Being in a long-term relationship can make you feel comfortable with your partner, so much so that you may lose sexual excitement as the relationship progresses.

To regain this spark, it can help to go back to the beginning and figure out ways to spice up the relationship. Talk to each other about sex. Be honest and be playful. Send your partner a sexy text message telling them a tiny preview of what you’d like to do to them later. Things like this can give them a heads up that you’re in the mood and give both of you something to look forward to. 

Foreplay can also increase the intensity of the sexual activity and make it easier for the two of you to feel more satisfied and connected when all is said and done.

Seek professional support

If you’re not sure how to best approach your sex life or haven’t found success through steps like those listed above, you can also try talking to a professional relationship counselor. Doing so can allow you to find more ways to build greater sexual intimacy with your partner and successfully integrate them into your relationship. 

Options like online therapy can make seeking professional support fast, easy, and convenient. A digital medium for therapy may also make it easier to feel comfortable discussing personal matters like your sex life with someone new.

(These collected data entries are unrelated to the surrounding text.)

lemma Int_empty_if_cross_disjnt:
  assumes "{} \<notin> S" "\<forall>B\<in>S. \<forall>B'\<in>T. disjnt B B'"
  shows "S \<inter> T = {}"
  using assms by fastforce

lemma card_Un_le_nu:
  assumes "{} \<notin> F" "S \<subseteq> F" "T \<subseteq> F" "finite S" "finite T"
    and "pairwise disjnt S" "pairwise disjnt T" "\<forall>B\<in>S. \<forall>B'\<in>T. disjnt B B'"
  shows "enat (card S + card T) \<le> nu F"
proof -
  have "S \<inter> T = {}" using assms(1,2,8) by (intro Int_empty_if_cross_disjnt) auto
  then have "card (S \<union> T) = card S + card T" by (rule card_Un_disjoint[OF assms(4,5)])
  moreover have "enat (card (S \<union> T)) \<le> nu F"
    using assms by (intro card_le_nu pairwise_disjnt_Un) auto
  ultimately show ?thesis by simp
qed

lemma tau_le_card:
  assumes "finite P" "\<And>B. B \<in> F \<Longrightarrow> P \<inter> B \<noteq> {}"
  shows "tau F \<le> enat (card P)"
  unfolding tau_def using assms by (auto intro!: Inf_lower)

lemma tau_witness:
  assumes "tau F \<noteq> \<infinity>"
  obtains P where "finite P" "\<forall>B\<in>F. P \<inter> B \<noteq> {}" "tau F = enat (card P)"
proof -
  let ?X = "{enat (card P) | P. finite P \<and> (\<forall>B\<in>F. P \<inter> B \<noteq> {})}"
  have "?X \<noteq> {}"
  proof
    assume "?X = {}"
    then have "tau F = Inf {}" unfolding tau_def by (rule arg_cong)
    then have "tau F = \<infinity>" by (simp add: top_enat_def)
    with assms show False by simp
  qed
  then obtain x where "x \<in> ?X" by blast
  then have "(LEAST x. x \<in> ?X) \<in> ?X" by (rule LeastI)
  then have "tau F \<in> ?X" using \<open>?X \<noteq> {}\<close> unfolding tau_def Inf_enat_def by simp
  then show ?thesis using that by auto
qed

lemma tau_empty [simp]: "tau {} = 0"
  using tau_le_card[of "{}" "{}"] by (simp add: zero_enat_def[symmetric])

lemma tau_mono:
  assumes "F \<subseteq> G" shows "tau F \<le> tau G"
proof (cases "tau G = \<infinity>")
  case False
  then obtain P where "finite P" "\<forall>B\<in>G. P \<inter> B \<noteq> {}" "tau G = enat (card P)"
    by (rule tau_witness)
  with assms show ?thesis using tau_le_card[of P F] by auto
qed simp

lemma tau_Un_le: "tau (F \<union> G) \<le> tau F + tau G"
proof (cases "tau F = \<infinity> \<or> tau G = \<infinity>")
  case False
  then obtain P Q where P: "finite P" "\<forall>B\<in>F. P \<inter> B \<noteq> {}" "tau F = enat (card P)"
     and Q: "finite Q" "\<forall>B\<in>G. Q \<inter> B \<noteq> {}" "tau G = enat (card Q)"
    by (metis tau_witness)
  have "tau (F \<union> G) \<le> enat (card (P \<union> Q))" by (rule tau_le_card) (use P Q in auto)
  also have "\<dots> \<le> enat (card P + card Q)" using card_Un_le[of P Q] by simp
  finally show ?thesis using P Q by simp
qed auto

text \<open>For sets that are not boxes the corners are unspecified.\<close>
definition corners :: "(real^'n) set \<Rightarrow> (real^'n) \<times> (real^'n)" where
  "corners B = (SOME p. (\<forall>i. fst p $ i \<le> snd p $ i) \<and> B = cbox (fst p) (snd p))"

definition lo :: "(real^'n) set \<Rightarrow> real^'n" where "lo B = fst (corners B)"
definition hi :: "(real^'n) set \<Rightarrow> real^'n" where "hi B = snd (corners B)"

lemma is_box_corners:
  fixes B :: "(real^'n) set"
  assumes "is_box B"
  shows lo_le_hi: "lo B $ i \<le> hi B $ i" and box_eq_cbox_lo_hi: "B = cbox (lo B) (hi B)"
proof -
  from assms obtain a b where ab: "\<forall>i\<in>Basis. a \<bullet> i \<le> b \<bullet> i" "B = cbox a b"
    unfolding is_box_def by blast
  then have "\<forall>i. a $ i \<le> b $ i"
    by (metis box_ne_empty(1) equals0I mem_box_cart(2) order_trans)
  then have "\<exists>p. (\<forall>i. fst p $ i \<le> snd p $ i) \<and> B = cbox (fst p) (snd p)"
    using ab(2) by (intro exI[of _ "(a, b)"]) auto
  then have "(\<forall>i. lo B $ i \<le> hi B $ i) \<and> B = cbox (lo B) (hi B)"
    unfolding lo_def hi_def corners_def by (rule someI_ex)
  then show "lo B $ i \<le> hi B $ i" "B = cbox (lo B) (hi B)" by auto
qed

lemma mem_is_box_iff:
  assumes "is_box B"
  shows "x \<in> B \<longleftrightarrow> (\<forall>i. lo B $ i \<le> x $ i \<and> x $ i \<le> hi B $ i)"
  by (subst box_eq_cbox_lo_hi[OF assms]) (rule mem_box_cart(2))

lemma lo_mem_box: "is_box B \<Longrightarrow> lo B \<in> B"
  by (simp add: lo_le_hi mem_is_box_iff)

lemma is_box_nonempty: "is_box (B :: (real^'n) set) \<Longrightarrow> B \<noteq> {}"
  using lo_mem_box by fastforce

lemma disjnt_boxes_if_hi_less_lo:
  assumes "is_box B" "is_box B'" "hi B $ i < lo B' $ i"
  shows "disjnt B B'"
  using assms mem_is_box_iff[OF assms(1)] mem_is_box_iff[OF assms(2)]
  unfolding disjnt_iff by (meson not_le order_trans)

text \<open>Helly's theorem for boxes; the common point is the coordinatewise supremum of the lower
  corners.\<close>
lemma boxes_common_point:
  fixes F :: "(real^'n) set set"
  assumes boxes: "\<forall>B\<in>F. is_box B" and "F \<noteq> {}"
    and meet: "\<forall>B\<in>F. \<forall>B'\<in>F. B \<inter> B' \<noteq> {}"
  shows "\<exists>p. \<forall>B\<in>F. p \<in> B"
proof -
  have lo_le_hi': "lo B $ i \<le> hi B' $ i" if "B \<in> F" "B' \<in> F" for B B' i
  proof -
    have "B \<inter> B' \<noteq> {}" using meet that by simp
    then obtain x where "x \<in> B" "x \<in> B'" by blast
    moreover have "is_box B" "is_box B'" using boxes that by auto
    ultimately have "lo B $ i \<le> x $ i" "x $ i \<le> hi B' $ i"
      using mem_is_box_iff[of B x] mem_is_box_iff[of B' x] by auto
    then show ?thesis by linarith
  qed
  obtain B0 where "B0 \<in> F" using \<open>F \<noteq> {}\<close> by blast
  have bdd: "bdd_above ((\<lambda>B. lo B $ i) ` F)" for i
    by (rule bdd_aboveI2[where M="hi B0 $ i"], rule lo_le_hi', assumption, rule \<open>B0 \<in> F\<close>)
  define p :: "real^'n" where "p = (\<chi> i. Sup ((\<lambda>B. lo B $ i) ` F))"
  have "lo B $ i \<le> p $ i \<and> p $ i \<le> hi B $ i" if "B \<in> F" for B i
  proof
    show "lo B $ i \<le> p $ i"
      unfolding p_def vec_lambda_beta by (rule cSup_upper[OF imageI[OF that] bdd])
    show "p $ i \<le> hi B $ i"
      unfolding p_def vec_lambda_beta
      by (rule cSup_least) (use \<open>F \<noteq> {}\<close> lo_le_hi' that in auto)
  qed
  then have "p \<in> B" if "B \<in> F" for B
    using that boxes mem_is_box_iff[of B p] by blast
  then show ?thesis by blast
qed

lemma tau_le_1_if_nu_le_1:
  fixes F :: "(real^'n) set set"
  assumes boxes: "\<forall>B\<in>F. is_box B" and "nu F \<le> 1"
  shows "tau F \<le> 1"
proof (cases "F = {}")
  case False
  have "B \<inter> B' \<noteq> {}" if "B \<in> F" "B' \<in> F" for B B'
  proof (cases "B = B'")
    case True then show ?thesis using is_box_nonempty boxes that by auto
  next
    case False
    show ?thesis
    proof
      assume "B \<inter> B' = {}"
      then have "enat (card {B, B'}) \<le> nu F"
        using that by (intro card_le_nu) (auto simp: pairwise_def disjnt_def Int_commute)
      then have "enat (card {B, B'}) \<le> 1" using \<open>nu F \<le> 1\<close> by (rule order_trans)
      with False show False by (simp add: one_enat_def)
    qed
  qed
  then obtain p where "\<forall>B\<in>F. p \<in> B" using boxes_common_point[OF boxes False] by blast
  then have "tau F \<le> enat (card {p})" by (intro tau_le_card) auto
  then show ?thesis by (simp add: one_enat_def)
qed simp

lemma tau_le_f_box:
  fixes F :: "'a::euclidean_space set set"
  assumes "\<forall>B\<in>F. is_box B" "nu F = enat n"
  shows "tau F \<le> f_box TYPE('a) n"
proof (cases "n = 0")
  case True
  then have "F = {}" using assms(2) by (simp add: zero_enat_def[symmetric] nu_eq_0_iff)
  then show ?thesis by simp
next
  case False
  then show ?thesis unfolding f_box_def using assms by (auto intro!: Sup_upper)
qed

text \<open>\<open>f_box\<close> is defined through families with \<open>nu\<close> exactly \<open>j\<close>; a subfamily of a family with
  \<open>nu = n \<ge> j\<close> can be padded up to \<open>nu = j\<close> by members of a maximal disjoint subfamily.\<close>
lemma tau_subfamily_le_f_box:
  fixes F E :: "'a::euclidean_space set set"
  assumes boxes: "\<forall>B\<in>F. is_box B" and "nu F = enat n" and "E \<subseteq> F"
    and "nu E \<le> enat j" and "j \<le> n"
  shows "tau E \<le> f_box TYPE('a) j"
proof -
  obtain K where K: "K \<subseteq> F" "finite K" "pairwise disjnt K" "card K = n"
    using nu_witness[OF \<open>nu F = enat n\<close>] by blast
  have "enat j \<le> nu (E \<union> K)"
    using card_le_nu[of K "E \<union> K"] K \<open>j \<le> n\<close> by (auto intro: order_trans[rotated])
  then obtain E' where E': "E \<subseteq> E'" "E' \<subseteq> E \<union> K" "nu E' = enat j"
    using nu_intermediate[OF K(2) \<open>nu E \<le> enat j\<close>] by blast
  have "tau E \<le> tau E'" by (rule tau_mono[OF E'(1)])
  also have "\<dots> \<le> f_box TYPE('a) j"
  proof (rule tau_le_f_box)
    show "\<forall>B\<in>E'. is_box B" using E'(2) K(1) \<open>E \<subseteq> F\<close> boxes by blast
  qed (rule E'(3))
  finally show ?thesis .
qed

lemma f_box_le:
  assumes "\<And>F :: 'a::euclidean_space set set. \<forall>B\<in>F. is_box B \<Longrightarrow> nu F = enat n \<Longrightarrow> tau F \<le> c"
  shows "f_box TYPE('a) n \<le> c"
  unfolding f_box_def using assms by (auto intro!: Sup_least)

text \<open>For boxes, \<open>lower\<close> and \<open>upper\<close> are the ends of their projection to one axis (possibly
  reflected, to sweep from the other side).\<close>
locale separated_family =
  fixes F :: "'a set set" and n :: nat and lower upper :: "'a set \<Rightarrow> real"
  assumes empty_notin: "{} \<notin> F"
    and nu_eq: "nu F = enat n"
    and disjnt_if_upper_less_lower: "B \<in> F \<Longrightarrow> B' \<in> F \<Longrightarrow> upper B < lower B' \<Longrightarrow> disjnt B B'"
begin

definition disjoint_below :: "nat \<Rightarrow> real \<Rightarrow> bool" where
  "disjoint_below j x \<longleftrightarrow>
     (\<exists>S\<subseteq>F. finite S \<and> pairwise disjnt S \<and> card S = j \<and> (\<forall>B\<in>S. upper B \<le> x))"

definition threshold :: "nat \<Rightarrow> real" where
  "threshold j = Inf (Collect (disjoint_below j))"

lemma card_add_card_le:
  assumes "S \<subseteq> F" "T \<subseteq> F" "finite S" "finite T" "pairwise disjnt S" "pairwise disjnt T"
    and "\<forall>B\<in>S. \<forall>B'\<in>T. disjnt B B'"
  shows "card S + card T \<le> n"
  using card_Un_le_nu[OF empty_notin assms] nu_eq by simp

lemma disjoint_below_exists:
  assumes "j \<le> n"
  shows "\<exists>x. disjoint_below j x"
proof -
  obtain K where K: "K \<subseteq> F" "finite K" "pairwise disjnt K" "card K = n"
    using nu_witness[OF nu_eq] by blast
  then obtain S where S: "S \<subseteq> K" "card S = j" "finite S"
    using obtain_subset_with_card_n[of j K] \<open>j \<le> n\<close> by auto
  have "disjoint_below j (Max (upper ` S))"
    unfolding disjoint_below_def using S K(1,3)
    by (intro exI[of _ S]) (auto intro: pairwise_subset Max_ge)
  then show ?thesis ..
qed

No matter your concerns, it’s likely that talking to a professional can help you form new goals, address any challenges you might face, and change your sex life for the better.

Takeaway

To summarize, if your sex life has gotten stagnant, it can help make it a priority to get your love life back on track for the sake of your relationship and your health. Hopefully, these tips can help get you started, and you can continue to brainstorm ideas with your partner until you are on the same page about your sexual needs and desires.